To accomplish the most research economically in a short time, the lab has ten 5-gallon size digesters, six 6-gallon size digesters, and a single 500-gallon digester, with instrumentation to measure total gas production from each digester, plus analysis capabilities to measure the makeup and quality of the biogas we are generating. There are heat exchanger elements inside the digesters that circulate hot water captured from the waste heat of the electrical generator’s diesel exhaust so we can run the digesters in mesophilic mode (90-115°F) as well as psychrophilic (65-70°F) mode.

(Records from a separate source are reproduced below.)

lemma edge_pairing_block_partner: "edge_pairing n (block_partner n)"
proof
  fix e f g
  show "block_partner n e f \<Longrightarrow> block_partner n f e"
    by (simp add: block_partner_def insert_commute)
  show "\<not> block_partner n e e"
    by (auto simp: block_partner_def doubleton_eq_iff)
  show "block_partner n e f \<Longrightarrow> f \<in> ecb_edges n"
    by (auto simp: block_partner_def ecb_edges_def doubleton_eq_iff)
  assume "block_partner n e f" "block_partner n e g"
  then obtain k l where
    k: "{e, f} = {(3 * k, 3 * k + 1), (3 * k + 1, 3 * k + 2)}" and
    l: "{e, g} = {(3 * l, 3 * l + 1), (3 * l + 1, 3 * l + 2)}"
    by (auto simp: block_partner_def)
  have "e \<in> {(3 * k, 3 * k + 1), (3 * k + 1, 3 * k + 2)}"
    "e \<in> {(3 * l, 3 * l + 1), (3 * l + 1, 3 * l + 2)}"
    using k l by blast+
  then have "k = l" by auto
  then have "{e, f} = {e, g}" using k l by simp
  then show "f = g" by (auto simp: doubleton_eq_iff)
qed

lemma g_ECB_K3_le: "g_ECB_K3 n \<le> n - n div 3"
  unfolding g_ECB_K3_def
proof (rule edge_pairing.ecb_val_le_by_pairing[OF edge_pairing_block_partner])
  fix C assume "noncrossing_graph n C" "\<forall>e\<in>C. \<forall>f\<in>C. \<not> block_partner n e f"
  then show "num_triangles n C \<le> n - n div 3"
    by (intro num_triangles_le_if_no_block_path) (auto simp: block_partner_def)
qed (simp add: edge_pairing.pairing_inv_def[OF edge_pairing_block_partner] noncrossing_graph_def)

theorem proposition4p3:
  shows "\<forall>\<epsilon>>0. \<forall>\<^sub>F n in sequentially.
           real (g_ECB_K3 n) \<le> (1 + \<epsilon>) * (2 * real n / 3)"
proof (intro allI impI)
  fix \<epsilon> :: real assume "\<epsilon> > 0"
  have bound: "3 * real (g_ECB_K3 n) \<le> 2 * real n + 2" for n
  proof -
    have "3 * g_ECB_K3 n \<le> 2 * n + 2"
      using g_ECB_K3_le[of n] div_mult_mod_eq[of n 3] mod_less_divisor[of 3 n] by linarith
    then show ?thesis by linarith
  qed
  obtain N :: nat where "1 / \<epsilon> \<le> real N" using real_arch_simple by blast
  then have "\<forall>\<^sub>F n in sequentially. 1 \<le> \<epsilon> * real n"
    unfolding eventually_sequentially using \<open>\<epsilon> > 0\<close>
    by (intro exI[of _ N]) (auto simp: field_simps intro: order_trans)
  then show "\<forall>\<^sub>F n in sequentially. real (g_ECB_K3 n) \<le> (1 + \<epsilon>) * (2 * real n / 3)"
  proof (rule eventually_mono)
    fix n assume "1 \<le> \<epsilon> * real n"
    have "3 * ((1 + \<epsilon>) * (2 * real n / 3)) = 2 * real n + 2 * (\<epsilon> * real n)"
      by (simp add: algebra_simps)
    then show "real (g_ECB_K3 n) \<le> (1 + \<epsilon>) * (2 * real n / 3)"
      using bound[of n] \<open>1 \<le> \<epsilon> * real n\<close> by linarith
  qed
qed

end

The reason for the mesophilic mode is that even though the mesophilic digester uses up energy in the form of heat to heat its contents, it produces much more biogas in the same time than the psychrophilic-mode digesters that operate at the lower temperature range. At the time of our next training this April 2011 we should have the biogas lab fully operational, and will be doing hands-on training on building and operating the various elements of a biogas digester and its associated systems.
…So: cold climates
Now that you have a basic understanding of our biogas project, we’ll explain why this is so important to aquaponics farmers in cold climates. We’re lucky to have a 365-day growing season at our farm in Hawaii, but most farmers in cold climates have a short growing season of only 5 to 7 months. They have to make all their income during this short time while having expenses that last for a full year. The two major problems these farmers face if trying to grow during wintertime are that heating greenhouses is expensive, and there’s not enough sunlight for good plant growth, resulting in a need for expensive supplemental lighting. Thus, they never even bother with the greenhouses because ultimately the cost to produce the vegetables is not tied just to the cost of building the greenhouses but also to unpredictable and continually rising petroleum-based energy costs for their heating and electricity.

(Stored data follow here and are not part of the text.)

definition gauss_isometry :: "nat \<Rightarrow> nat \<Rightarrow> ((nat \<Rightarrow> real) \<Rightarrow> (nat \<Rightarrow> real)) \<Rightarrow> bool" where
  "gauss_isometry n p G \<longleftrightarrow> G \<in> gauss n \<rightarrow>\<^sub>M gauss n \<and> distr (gauss n) (gauss n) G = gauss n \<and>
     (\<forall>x\<in>space (gauss n). \<forall>y\<in>space (gauss n). dotn n (G x) (G y) = dotn n x y) \<and>
     (\<forall>z\<in>space (gauss n). \<forall>j<p. G z j = z j)"

lemma gauss_isometry_id: "gauss_isometry n p id"
  unfolding gauss_isometry_def using distr_id[of "gauss n"] by (simp add: id_def)

lemma gauss_isometry_comp:
  assumes G: "gauss_isometry n p G" and H: "gauss_isometry n p H"
  shows "gauss_isometry n p (H \<circ> G)"
proof -
  have Gm: "G \<in> gauss n \<rightarrow>\<^sub>M gauss n" and Hm: "H \<in> gauss n \<rightarrow>\<^sub>M gauss n"
    using G H by (auto simp: gauss_isometry_def)
  have "distr (gauss n) (gauss n) (H \<circ> G) = distr (distr (gauss n) (gauss n) G) (gauss n) H"
    by (rule distr_distr[OF Hm Gm, symmetric])
  also have "\<dots> = gauss n" using G H by (simp add: gauss_isometry_def)
  finally show ?thesis
    using G H measurable_space[OF Gm] measurable_comp[OF Gm Hm] unfolding gauss_isometry_def by auto
qed

lemma dotn_givens:
  assumes il: "i < n" "l < n" "i \<noteq> l" and cs: "c\<^sup>2 + s\<^sup>2 = 1"
  shows "dotn n (givens n i l c s x) (givens n i l c s y) = dotn n x y"
proof -
  let ?G = "givens n i l c s"
  define f where "f k = x k * y k" for k
  define g where "g k = ?G x k * ?G y k" for k
  have gil: "g i + g l = f i + f l"
  proof -
    have "g i + g l = (c * x i - s * x l) * (c * y i - s * y l) + (s * x i + c * x l) * (s * y i + c * y l)"
      using il by (simp add: g_def givens_def)
    also have "\<dots> = (c\<^sup>2 + s\<^sup>2) * (x i * y i + x l * y l)" by (simp add: algebra_simps power2_eq_square)
    finally show ?thesis using cs by (simp add: f_def)
  qed
  have "(\<Sum>k<n. g k) = (\<Sum>k<n. f k + (if k = i then g i - f i else 0) + (if k = l then g l - f l else 0))"
    using il by (intro sum.cong) (auto simp: g_def f_def givens_def)
  also have "\<dots> = (\<Sum>k<n. f k)"
    using il gil by (simp add: sum.distrib)
  finally show ?thesis by (simp add: dotn_def g_def f_def)
qed

lemma gauss_isometry_givens:
  assumes "i < n" "l < n" "i \<noteq> l" "p \<le> i" "p \<le> l" and "c\<^sup>2 + s\<^sup>2 = 1" "c \<noteq> -1"
  shows "gauss_isometry n p (givens n i l c s)"
proof -
  have "distr (gauss n) (gauss n) (givens n i l c s) = gauss n"
    using assms nn_integral_givens
    by (intro distr_eq_self_if_nn_integral_invariant measurable_givens) auto
  then show ?thesis
    unfolding gauss_isometry_def using assms measurable_givens dotn_givens
    by (auto simp: givens_def)
qed

lemma gauss_isometry_reflect:
  assumes "i < n" "p \<le> i"
  shows "gauss_isometry n p (reflect n i)"
proof -
  have "distr (gauss n) (gauss n) (reflect n i) = gauss n"
    using assms nn_integral_reflect
    by (intro distr_eq_self_if_nn_integral_invariant measurable_reflect) auto
  moreover have "dotn n (reflect n i x) (reflect n i y) = dotn n x y" for x y
    unfolding dotn_def reflect_def by (intro sum.cong) auto
  ultimately show ?thesis
    unfolding gauss_isometry_def using assms measurable_reflect by (auto simp: reflect_def)
qed


lemma gauss_isometry_space:
  assumes "gauss_isometry n p G" "x \<in> space (gauss n)"
  shows "G x \<in> space (gauss n)"
  using assms(1) measurable_space[of G "gauss n" "gauss n" x, OF _ assms(2)]
  unfolding gauss_isometry_def by simp

lemma gauss_isometry_dotn:
  assumes "gauss_isometry n p G" "x \<in> space (gauss n)" "y \<in> space (gauss n)"
  shows "dotn n (G x) (G y) = dotn n x y"
  using assms unfolding gauss_isometry_def by simp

Biogas offers a potential and sustainable solution to these problems. The fuel that powers the diesel engine on an electrical generator turns into about 65% waste heat that goes out the exhaust stack and through its radiator. Rather than paying for propane or heating oil to heat an aquaponics greenhouse in the cold months, the farmer can just recapture this waste heat with a very simple heat exchanger system, then affordably transfer it to the greenhouse to heat the greenhouse. If the aquaponics farmer either generates enough waste on the farm to feed his biodigester, or can cheaply transport it from a nearby free source (most farmers are happy to have someone show up to haul their piles of animal poop away for no charge), then the farmer can also have a relatively cheap source of electricity to power supplemental lighting for his aquaponic crops.
We feel that breaking food production’s current ties to petroleum costs is a good thing. It is our fondest hope that what comes out of our biogas project is a way for farmers in temperate and cold climates to grow affordably year-round, using renewable farm wastes and animal poop as a sustainable energy source, and that ultimately it will result in lower food prices for everyone.